* **Work task**: Range to output from the entries below: the line containing "(fst (dim_ql n" through the line containing "(p, q) = (b * (A n". Set it down exactly, ends included, nothing else.

* **Collected data**:
(* Let $n\geq 3$ and let $M$ be an indecomposable regular $\mathcal{K}_n$-module of quasi-length $r+1\geq 2$ with quasi-top $X$, i.e. $M=[r+1]X$. Then: (1) $\underline{\dim}\,M=(m,m)$ for some $m$ if and only if $\underline{\dim}\,X=b\,(B_{2r-1},B_{2r+1})$ for some positive integer $b$; in this case $m=bA_{r+1}$. (2) $\underline{\dim}\,M=((n-1)m,m)$ for some $m$ if and only if $\underline{\dim}\,X=b\,(B_{2r-3},B_{2r-1})$ when $r\geq 2$, respectively $\underline{\dim}\,X=(b,b)$ when $r=1$, for some positive integer $b$; in this case $m=bA_{r+1}$.
   Context: $\mathcal{K}_n$ is the quiver with vertices $1,2$ and $n$ arrows $2\to1$; modules are finite-dimensional representations over an algebraically closed field, dimension vectors are $(\dim M_2,\dim M_1)$, and $\underline{\dim}\,\tau M=(\underline{\dim}\,M)\Phi$ with $\Phi=\begin{pmatrix} n^2-1 & n\\ -n & -1\end{pmatrix}$ ($\tau$ the Auslander–Reiten translation). Each indecomposable regular module $M$ admits a unique chain of irreducible epimorphisms $M=[r]X\to[r-1]X\to\cdots\to[1]X=X$ with $X$ quasi-simple; $X$ is the quasi-top and $r$ the quasi-length of $M$, and $\underline{\dim}\,[r]X=\sum_{i=0}^{r-1}\underline{\dim}\,\tau^iX$. The integers $A_i$ are defined by $A_0=0$, $A_1=1$, $A_{i+2}=nA_{i+1}-A_i$, and $B_j$ by $B_{2i}=A_i$ and $B_{2i+1}=A_{i+1}-A_i$ for $i\geq 0$ (so $B_0=0,B_1=1,B_2=1,B_3=n-1,B_4=n,\dots$). *)

theory Defs
  imports Main
begin

text \<open>Dimension vectors of K_n-modules are pairs (dim M_2, dim M_1) of integers.
  The Coxeter transformation acts on row vectors: dim (tau M) = (dim M) Phi with
  Phi = [[n^2-1, n], [-n, -1]], and its inverse Phi^-1 = [[-1, -n], [n, n^2-1]].\<close>

definition Phi :: "nat \<Rightarrow> int \<times> int \<Rightarrow> int \<times> int" where
  "Phi n v = (fst v * (int n ^ 2 - 1) - int n * snd v, int n * fst v - snd v)"

definition Phi_inv :: "nat \<Rightarrow> int \<times> int \<Rightarrow> int \<times> int" where
  "Phi_inv n v = (- fst v + int n * snd v, - int n * fst v + (int n ^ 2 - 1) * snd v)"

definition dim_tau :: "nat \<Rightarrow> nat \<Rightarrow> int \<times> int \<Rightarrow> int \<times> int" where
  "dim_tau n i x = (Phi n ^^ i) x"

definition dim_tau_inv :: "nat \<Rightarrow> nat \<Rightarrow> int \<times> int \<Rightarrow> int \<times> int" where
  "dim_tau_inv n i x = (Phi_inv n ^^ i) x"

text \<open>dim [r]X = sum_{i=0}^{r-1} dim tau^i X.\<close>
definition dim_ql :: "nat \<Rightarrow> nat \<Rightarrow> int \<times> int \<Rightarrow> int \<times> int" where
  "dim_ql n r x = (\<Sum>i<r. fst (dim_tau n i x), \<Sum>i<r. snd (dim_tau n i x))"

definition nonneg_vec :: "int \<times> int \<Rightarrow> bool" where
  "nonneg_vec v \<longleftrightarrow> fst v \<ge> 0 \<and> snd v \<ge> 0"

text \<open>Necessary conditions satisfied by the dimension vector x of a quasi-simple
  regular K_n-module X: x is nonzero and every dim tau^i X (i in Z) is a
  dimension vector, i.e. nonnegative (regular modules are never annihilated by
  powers of tau or tau^-1).\<close>
definition regular_dim :: "nat \<Rightarrow> int \<times> int \<Rightarrow> bool" where
  "regular_dim n x \<longleftrightarrow> x \<noteq> (0, 0) \<and>
     (\<forall>i. nonneg_vec (dim_tau n i x)) \<and> (\<forall>i. nonneg_vec (dim_tau_inv n i x))"

fun A :: "nat \<Rightarrow> nat \<Rightarrow> int" where
  "A n 0 = 0"
| "A n (Suc 0) = 1"
| "A n (Suc (Suc i)) = int n * A n (Suc i) - A n i"

definition B :: "nat \<Rightarrow> nat \<Rightarrow> int" where
  "B n j = (if even j then A n (j div 2) else A n (j div 2 + 1) - A n (j div 2))"

end

theory Submission
  imports Defs
begin

text \<open>Let U = rec_seq n p q be the solution of the recurrence U (k+2) = n U (k+1) - U k
  of A with (U 1, U 0) = (p, q) = dim X. Then dim tau^i X = (U (2i+1), U (2i)), and the addition formula
  U (m+k+1) = U (m+1) A (k+1) - U m A k makes the sum telescope to
  dim [r+1]X = A (r+1) (U (r+1), U r). So dim [r+1]X is a multiple of (c, 1) iff
  U (r+1) = c U r, and then m = A (r+1) U r. By Cassini's identity the linear map
  dim X \<mapsto> (U (r+1), U r) is unimodular, so this condition says exactly that
  dim X = b (A r - c A (r-1), A (r+1) - c A r) with b = U r. For c = 1 and c = n - 1 these
  are the stated multiples of B-values, and b > 0 because dim X is nonnegative and nonzero.\<close>

fun rec_seq :: "nat \<Rightarrow> int \<Rightarrow> int \<Rightarrow> nat \<Rightarrow> int" where
  "rec_seq n p q 0 = q"
| "rec_seq n p q (Suc 0) = p"
| "rec_seq n p q (Suc (Suc k)) = int n * rec_seq n p q (Suc k) - rec_seq n p q k"

lemma Phi_pow_eq_rec_seq:
  "(Phi n ^^ i) (p, q) = (rec_seq n p q (2 * i + 1), rec_seq n p q (2 * i))"
proof (induction i)
  case (Suc i)
  have "rec_seq n p q (2 * Suc i) = int n * rec_seq n p q (2 * i + 1) - rec_seq n p q (2 * i)"
    and "rec_seq n p q (2 * Suc i + 1) = int n * rec_seq n p q (2 * Suc i) - rec_seq n p q (2 * i + 1)"
    by (simp_all add: numeral_2_eq_2)
  with Suc show ?case
    by (simp add: Phi_def power2_eq_square algebra_simps)
qed simp

lemma rec_seq_add:
  "rec_seq n p q (m + Suc k) = rec_seq n p q (Suc m) * A n (Suc k) - rec_seq n p q m * A n k"
proof (induction k rule: induct_nat_012)
  case (ge2 k)
  let ?U = "rec_seq n p q"
  have "?U (m + Suc (Suc (Suc k))) = int n * ?U (m + Suc (Suc k)) - ?U (m + Suc k)"
    by simp
  also have "\<dots> = int n * (?U (Suc m) * A n (Suc (Suc k)) - ?U m * A n (Suc k))
      - (?U (Suc m) * A n (Suc k) - ?U m * A n k)"
    using ge2 by simp
  also have "\<dots> = ?U (Suc m) * A n (Suc (Suc (Suc k))) - ?U m * A n (Suc (Suc k))"
    by (simp add: algebra_simps)
  finally show ?case .
qed simp_all

lemma rec_seq_Suc: "rec_seq n p q (Suc k) = p * A n (Suc k) - q * A n k"
  using rec_seq_add[of n p q 0 k] by (simp add: mult.commute)

lemma A_cassini: "A n (Suc k) ^ 2 - A n (Suc (Suc k)) * A n k = 1"
  by (induction k) (simp_all add: power2_eq_square algebra_simps)

lemma A_nonneg_less_Suc:
  assumes "n \<ge> 2"
  shows "0 \<le> A n k \<and> A n k < A n (Suc k)"
proof (induction k)
  case (Suc k)
  have "int n * A n (Suc k) \<ge> 2 * A n (Suc k)"
    using Suc assms by (intro mult_right_mono) auto
  moreover have "A n (Suc (Suc k)) = int n * A n (Suc k) - A n k" by simp
  ultimately show ?case using Suc by linarith
qed simp

lemma dim_ql_eq_rec_seq:
  "dim_ql n (Suc r) (p, q) = (A n (Suc r) * rec_seq n p q (Suc r), A n (Suc r) * rec_seq n p q r)"
proof (induction r)
  case (Suc r)
  let ?U = "rec_seq n p q"
  have "dim_ql n (Suc (Suc r)) (p, q) =
      (fst (dim_ql n (Suc r) (p, q)) + ?U (Suc r + Suc (Suc r)),
       snd (dim_ql n (Suc r) (p, q)) + ?U (r + Suc (Suc r)))"
  proof -
    have "2 * Suc r + 1 = Suc r + Suc (Suc r)" "2 * Suc r = r + Suc (Suc r)" by simp_all
    then show ?thesis
      unfolding dim_ql_def dim_tau_def Phi_pow_eq_rec_seq by (simp only: sum.lessThan_Suc fst_conv snd_conv)
  qed
  also have "\<dots> = (A n (Suc (Suc r)) * ?U (Suc (Suc r)), A n (Suc (Suc r)) * ?U (Suc r))"
    unfolding Suc rec_seq_add by (simp del: rec_seq.simps A.simps add: algebra_simps)
  finally show ?case .
qed (simp add: dim_ql_def dim_tau_def)

lemma rec_seq_consecutive_iff:
  "rec_seq n p q (Suc (Suc k)) = u \<and> rec_seq n p q (Suc k) = w \<longleftrightarrow>
   (p, q) = (A n (Suc k) * w - A n k * u, A n (Suc (Suc k)) * w - A n (Suc k) * u)"
  using A_cassini[of n k] unfolding rec_seq_Suc by auto algebra+

lemma rec_seq_proportional_iff:
  "rec_seq n p q (Suc (Suc k)) = c * b \<and> rec_seq n p q (Suc k) = b \<longleftrightarrow>
   (p, q) = (b * (A n (Suc k) - c * A n k), b * (A n (Suc (Suc k)) - c * A n (Suc k)))"
  unfolding rec_seq_consecutive_iff by (simp add: algebra_simps)

lemma dim_ql_proportional_iff:
  assumes "n \<ge> 2"
  shows "dim_ql n (Suc r) (p, q) = (c * m, m) \<longleftrightarrow>
    rec_seq n p q (Suc r) = c * rec_seq n p q r \<and> m = A n (Suc r) * rec_seq n p q r"
proof -
  have "A n (Suc r) > 0"
    using A_nonneg_less_Suc[OF assms, of r] by simp
  then show ?thesis
    unfolding dim_ql_eq_rec_seq by (auto simp: mult.left_commute[of c])
qed

lemma pos_scalar_if_nonneg_nonzero:
  fixes b v1 v2 :: int
  assumes "(p, q) = (b * v1, b * v2)" "v1 > 0" "v2 > 0" "nonneg_vec (p, q)" "(p, q) \<noteq> (0, 0)"
  shows "b > 0"
proof (rule ccontr)
  assume "\<not> b > 0"
  then have "b * v1 \<le> 0" "b * v2 \<le> 0"
    using assms(2,3) by (simp_all add: mult_nonpos_nonneg)
  with assms(1,4,5) show False
    unfolding nonneg_vec_def by auto
qed

lemma dim_ql_proportional:
  fixes c v1 v2 :: int
  assumes "n \<ge> 2"
    and v1: "v1 = A n (Suc k) - c * A n k" and v2: "v2 = A n (Suc (Suc k)) - c * A n (Suc k)"
    and "v1 > 0" "v2 > 0" "nonneg_vec (p, q)" "(p, q) \<noteq> (0, 0)"
  shows "(\<exists>m. dim_ql n (Suc (Suc k)) (p, q) = (c * m, m)) \<longleftrightarrow> (\<exists>b > 0. (p, q) = (b * v1, b * v2))"
    and "dim_ql n (Suc (Suc k)) (p, q) = (c * m, m) \<Longrightarrow> (p, q) = (b * v1, b * v2) \<Longrightarrow>
      m = b * A n (Suc (Suc k))"
proof -
  note seq_iff = rec_seq_proportional_iff[of n p q k c, folded v1 v2]
  note dim_iff = dim_ql_proportional_iff[OF assms(1), of "Suc k" p q c]
  have "(\<exists>b. (p, q) = (b * v1, b * v2)) \<longleftrightarrow> (\<exists>b > 0. (p, q) = (b * v1, b * v2))"
    using pos_scalar_if_nonneg_nonzero assms(4-7) by blast
  then show "(\<exists>m. dim_ql n (Suc (Suc k)) (p, q) = (c * m, m)) \<longleftrightarrow> (\<exists>b > 0. (p, q) = (b * v1, b * v2))"
    unfolding dim_iff seq_iff[symmetric] by auto
  show "m = b * A n (Suc (Suc k))"
    if "dim_ql n (Suc (Suc k)) (p, q) = (c * m, m)" "(p, q) = (b * v1, b * v2)"
    using that unfolding dim_iff seq_iff[symmetric] by (simp add: mult.commute)
qed

lemma B_odd: "B n (2 * k + 1) = A n (Suc k) - A n k"
  by (simp add: B_def)

lemma A_recurrence_shifted: "A n (Suc (Suc k)) - (int n - 1) * A n (Suc k) = A n (Suc k) - A n k"
  by (simp add: algebra_simps)

lemma regular_dim_nonneg_nonzero: "regular_dim n x \<Longrightarrow> nonneg_vec x \<and> x \<noteq> (0, 0)"
  unfolding regular_dim_def by (metis dim_tau_def funpow_0)

theorem proposition4p1:
  fixes n r :: nat and x :: "int \<times> int"
  assumes "n \<ge> 3" and "r \<ge> 1" and "regular_dim n x"
  shows "((\<exists>m. dim_ql n (r + 1) x = (m, m)) \<longleftrightarrow>
           (\<exists>b > 0. x = (b * B n (2 * r - 1), b * B n (2 * r + 1))))
       \<and> (\<forall>m b. dim_ql n (r + 1) x = (m, m) \<and> b > 0 \<and>
           x = (b * B n (2 * r - 1), b * B n (2 * r + 1)) \<longrightarrow> m = b * A n (r + 1))
       \<and> ((\<exists>m. dim_ql n (r + 1) x = ((int n - 1) * m, m)) \<longleftrightarrow>
           (\<exists>b > 0. x = (if r = 1 then (b, b) else (b * B n (2 * r - 3), b * B n (2 * r - 1)))))
       \<and> (\<forall>m b. dim_ql n (r + 1) x = ((int n - 1) * m, m) \<and> b > 0 \<and>
           x = (if r = 1 then (b, b) else (b * B n (2 * r - 3), b * B n (2 * r - 1)))
           \<longrightarrow> m = b * A n (r + 1))"
proof -
  obtain k where r: "r = Suc k" using assms(2) by (cases r) auto
  obtain p q where x: "x = (p, q)" by fastforce
  have n2: "n \<ge> 2" using assms(1) by simp
  have x_ok: "nonneg_vec (p, q)" "(p, q) \<noteq> (0, 0)"
    using regular_dim_nonneg_nonzero[OF assms(3)] unfolding x by auto
  have mono: "A n j < A n (Suc j)" for j
    using A_nonneg_less_Suc[OF n2] by blast
  define d where "d = (if r = 1 then 1 else B n (2 * r - 3))"
  have B1: "B n (2 * r - 1) = A n (Suc k) - 1 * A n k"
    and B2: "B n (2 * r + 1) = A n (Suc (Suc k)) - 1 * A n (Suc k)"
    using B_odd[of n k] B_odd[of n "Suc k"] unfolding r by simp_all
  have d: "d = A n (Suc k) - (int n - 1) * A n k"
    using B_odd A_recurrence_shifted unfolding d_def r by (cases k) simp_all
  have d_pos: "d > 0"
    using mono B_odd unfolding d_def r by (cases k) simp_all
  have B3: "B n (2 * r - 1) = A n (Suc (Suc k)) - (int n - 1) * A n (Suc k)"
    using B1 A_recurrence_shifted by simp
  have if_eq: "(if r = 1 then (b, b) else (b * B n (2 * r - 3), b * B n (2 * r - 1))) =
      (b * d, b * B n (2 * r - 1))" for b :: int
    unfolding d_def r by (simp add: B_def)
  have B_pos: "B n (2 * r - 1) > 0" "B n (2 * r + 1) > 0"
    unfolding B1 B2 using mono[of k] mono[of "Suc k"] by simp_all
  note diag = dim_ql_proportional[OF n2 B1 B2 B_pos x_ok]
  note slope = dim_ql_proportional[OF n2 d B3 d_pos B_pos(1) x_ok]
  have "dim_ql n (r + 1) x = dim_ql n (Suc (Suc k)) (p, q)" "A n (r + 1) = A n (Suc (Suc k))"
    unfolding r x by simp_all
  then show ?thesis
    unfolding if_eq using diag(1) slope(1) diag(2) slope(2) x by simp metis
qed

end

* **Task answer**:
      (fst (dim_ql n (Suc r) (p, q)) + ?U (Suc r + Suc (Suc r)),
       snd (dim_ql n (Suc r) (p, q)) + ?U (r + Suc (Suc r)))"
  proof -
    have "2 * Suc r + 1 = Suc r + Suc (Suc r)" "2 * Suc r = r + Suc (Suc r)" by simp_all
    then show ?thesis
      unfolding dim_ql_def dim_tau_def Phi_pow_eq_rec_seq by (simp only: sum.lessThan_Suc fst_conv snd_conv)
  qed
  also have "\<dots> = (A n (Suc (Suc r)) * ?U (Suc (Suc r)), A n (Suc (Suc r)) * ?U (Suc r))"
    unfolding Suc rec_seq_add by (simp del: rec_seq.simps A.simps add: algebra_simps)
  finally show ?case .
qed (simp add: dim_ql_def dim_tau_def)

lemma rec_seq_consecutive_iff:
  "rec_seq n p q (Suc (Suc k)) = u \<and> rec_seq n p q (Suc k) = w \<longleftrightarrow>
   (p, q) = (A n (Suc k) * w - A n k * u, A n (Suc (Suc k)) * w - A n (Suc k) * u)"
  using A_cassini[of n k] unfolding rec_seq_Suc by auto algebra+

lemma rec_seq_proportional_iff:
  "rec_seq n p q (Suc (Suc k)) = c * b \<and> rec_seq n p q (Suc k) = b \<longleftrightarrow>
   (p, q) = (b * (A n (Suc k) - c * A n k), b * (A n (Suc (Suc k)) - c * A n (Suc k)))"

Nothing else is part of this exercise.